Алиса говорила очень тихо, но Деннису показалось, что она кричит. К ним направлялся улыбающийся, круглолицый бармен с рыжими усами.
– Извините, мы уже закрываемся.
Деннис быстрым движением опрокинул в рот каплю коньяку, оставшуюся на дне рюмки, потом встал, обошел стол и взял Алису за плечи.
– Пойдемте.
Они не произнесли ни слова, пока ехали в лифте, пока шли по коридору. Он открыл дверь своего номера, пропуская ее вперед. Она замерла на пороге.
– Меня-то вы не боитесь, Алиса? – спросил он, мягко улыбнувшись. – Бар закрыт, в вашем номере спит Максим, мы можем разбудить его. Больше поговорить негде. Заходите.
Она вошла, уселась в кресло, съежившись, обхватив плечи руками.
– Кто-нибудь, кроме вас, знает? – спросил Деннис.
– Теперь да.
– Вы имеете в виду меня?
– Я имею в виду Майнхоффа. Он все понял, когда увидел нас в кафе. Он все понял потому, что для него это важно. Благородная баронская кровь. Сын. Его кровь. Его собственность. – Она говорила быстро, отрывисто, и опять Деннису показалось, что она кричит, хотя это был почти шепот. – Надо знать Карла, а я его знаю. Мы познакомились пятнадцать лет назад. Все произошло не сразу. Потом еще четыре года он то и дело возникал в моей жизни. Я понятия не имела, кто он. Просто немец из ГДР, аспирант Института международных отношений. Он приезжал в Россию. Это, конечно, была не любовь. Что-то совсем другое…
Москва, январь-август 1987 года
Ирина Павловна Воротынцева расхаживала по своей просторной, стерильно чистой кухне из угла в угол, держа в руках телефон на длинном проводе.
– Сколько можно тянуть! – кричала она в трубку. – Он уже потерял человеческий облик. Неужели вы не понимаете, что гипноз для него – как мертвому припарки?
– Я не могу взять на себя такую ответственность, – вздыхал в трубке нарколог Анатолий Коробец, – вы ведь знаете, что будет, если он сорвется хотя бы один раз. Мы потеряем его.

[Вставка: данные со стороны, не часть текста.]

definition axiom_II :: "'a set \<Rightarrow> ('a \<times> 'a) set \<Rightarrow> bool" where
  "axiom_II X G \<longleftrightarrow> (\<forall>x\<in>X. (x, x) \<in> G) \<and> sym G \<and> G O G = G"

definition axiom_IIIa :: "('a set \<Rightarrow> real) \<Rightarrow> 'a set \<Rightarrow> 'a set \<Rightarrow> real \<Rightarrow> bool" where
  "axiom_IIIa mu R I E0 \<longleftrightarrow> mu R + mu I = E0 \<and> 0 < E0"

definition axiom_IIIb ::
  "'a set \<Rightarrow> 'a set set \<Rightarrow> ('a set \<Rightarrow> real) \<Rightarrow> 'a set \<Rightarrow> ('a \<Rightarrow> 'a) \<Rightarrow> bool" where
  "axiom_IIIb X A mu R PiR \<longleftrightarrow> (\<forall>B\<in>A. B \<subseteq> R \<longrightarrow> mu (preim X PiR B) = mu B)"

definition axiom_IIIc ::
  "'a set \<Rightarrow> 'a set set \<Rightarrow> ('a set \<Rightarrow> real) \<Rightarrow> (('a \<times> 'a) set \<Rightarrow> real) \<Rightarrow>
   ('a \<Rightarrow> 'a) \<Rightarrow> ('a \<times> 'a) set \<Rightarrow> real \<Rightarrow> bool" where
  "axiom_IIIc X A mu mu2 PiR G eta \<longleftrightarrow>
     (\<forall>B\<in>A. mu2 ((B \<times> X) \<inter> G) = mu B + eta * mu2 ((preim X PiR B \<times> X) \<inter> G))"

definition admissible ::
  "'a set \<Rightarrow> 'a set set \<Rightarrow> ('a set \<Rightarrow> real) \<Rightarrow> (('a \<times> 'a) set \<Rightarrow> real) \<Rightarrow>
   'a set \<Rightarrow> 'a set \<Rightarrow> ('a \<Rightarrow> 'a) \<Rightarrow> ('a \<times> 'a) set \<Rightarrow> real \<Rightarrow> real \<Rightarrow> bool" where
  "admissible X A mu mu2 R I PiR G E0 eta \<longleftrightarrow>
     pre_structural X A mu mu2 R I PiR G E0 eta \<and> axiom_I X A R PiR \<and> axiom_II X G \<and>
     axiom_IIIa mu R I E0 \<and> axiom_IIIb X A mu R PiR \<and> axiom_IIIc X A mu mu2 PiR G eta"

end

theory Submission
  imports Defs
begin

text \<open>
  Axiom III(b) for \<open>B = R\<close> gives \<open>\<mu>(X) = \<mu>(R)\<close>, because \<open>\<Pi>\<^sub>R\<^sup>-\<^sup>1(R) = X\<close>; so \<open>X - R\<close> is
  \<open>\<mu>\<close>-null, and by the product rule \<open>(X - R) \<times> X \<union> X \<times> (X - R)\<close> is \<open>\<mu>\<^sup>\<otimes>\<^sup>2\<close>-null.  Hence
  every set of \<open>\<A>\<close> (of \<open>\<A> \<otimes> \<A>\<close>) may be replaced by its trace on \<open>R\<close> (on \<open>R \<times> R\<close>)
  without changing its measure.  As \<open>\<Pi>\<^sub>R\<close> fixes \<open>R\<close>, the sets \<open>\<Pi>\<^sub>R\<^sup>-\<^sup>1(B)\<close> and \<open>B\<close> have the
  same trace on \<open>R\<close>, so both sides of the coupling law for \<open>\<D>\<close> depend only on \<open>B \<inter> R\<close>
  and are those of the coupling law for \<open>\<D>|\<^sub>R\<close>.  The other axioms pass to \<open>\<D>|\<^sub>R\<close>
  directly, and \<open>\<mu>(R) = E\<^sub>0 > 0\<close> because \<open>\<mu>(I) \<le> \<mu>(X - R) = 0\<close>.
\<close>

lemma fin_add_measure_nonneg: "fin_add_measure M mu \<Longrightarrow> S \<in> M \<Longrightarrow> 0 \<le> mu S"
  by (simp add: fin_add_measure_def)

lemma fin_add_measure_Diff:
  assumes "algebra \<Omega> M" "fin_add_measure M mu" "S \<in> M" "T \<in> M" "T \<subseteq> S"
  shows "mu S = mu T + mu (S - T)"
proof -
  interpret algebra \<Omega> M by fact
  have "S = T \<union> (S - T)" using \<open>T \<subseteq> S\<close> by blast
  then show ?thesis
    using assms(2-4) unfolding fin_add_measure_def by (metis Diff Diff_disjoint)
qed

lemma fin_add_measure_mono:
  assumes "algebra \<Omega> M" "fin_add_measure M mu" "S \<in> M" "T \<in> M" "T \<subseteq> S"
  shows "mu T \<le> mu S"
proof -
  interpret algebra \<Omega> M by fact
  show ?thesis
    using fin_add_measure_Diff[OF assms] fin_add_measure_nonneg[OF assms(2)] assms(3,4)
    by (simp add: Diff)
qed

– Лично я его уже давно потеряла. Меня беспокоит не он, а дочь. Она живет с ним, она взвалила на себя это, и я не могу не думать о ней. Если бы вы видели, на кого она похожа… Ну я прошу вас, поговорите с Юрием в последний раз. Терять уже нечего.
– Ирина Павловна, а почему вы сами не можете с ним поговорить?
– Пыталась уже, – Ирина Павловна остановилась и тяжело уселась на табуретку напротив Алисы, – он ссылается на вас. Будто бы вы хотите еще подождать. До лета.
– Весна – тяжелое время для сердечников.
– Он прежде всего алкоголик, а потом уже сердечник! Вы можете на него повлиять. Простите, что я так резко разговариваю с вами, но повторяю, мне страшно за дочь. Два месяца назад у нее было сотрясение мозга. Я не сомневаюсь, головокружения у нее начались на нервной почве. А что будет дальше?
Алиса сидела, низко опустив голову, ковыряла вилкой кусок жареной рыбы. Ей было неприятно слушать этот разговор, она отговаривала маму звонить Коробцу, но Ирина Павловна, человек решительный и жесткий, все-таки набрала номер.
– Хорошо, – устало согласился Коробец, – я попытаюсь поговорить с ним еще раз. Но обещать ничего не могу. В любом случае до мая мы будем обходиться гипнозом.
– Почему ты не ешь? – спросила Ирина Павловна, положив трубку. – Я сорок минут стояла в очереди за этой рыбой, пожарила специально к твоему приходу, как ты любишь, с лучком.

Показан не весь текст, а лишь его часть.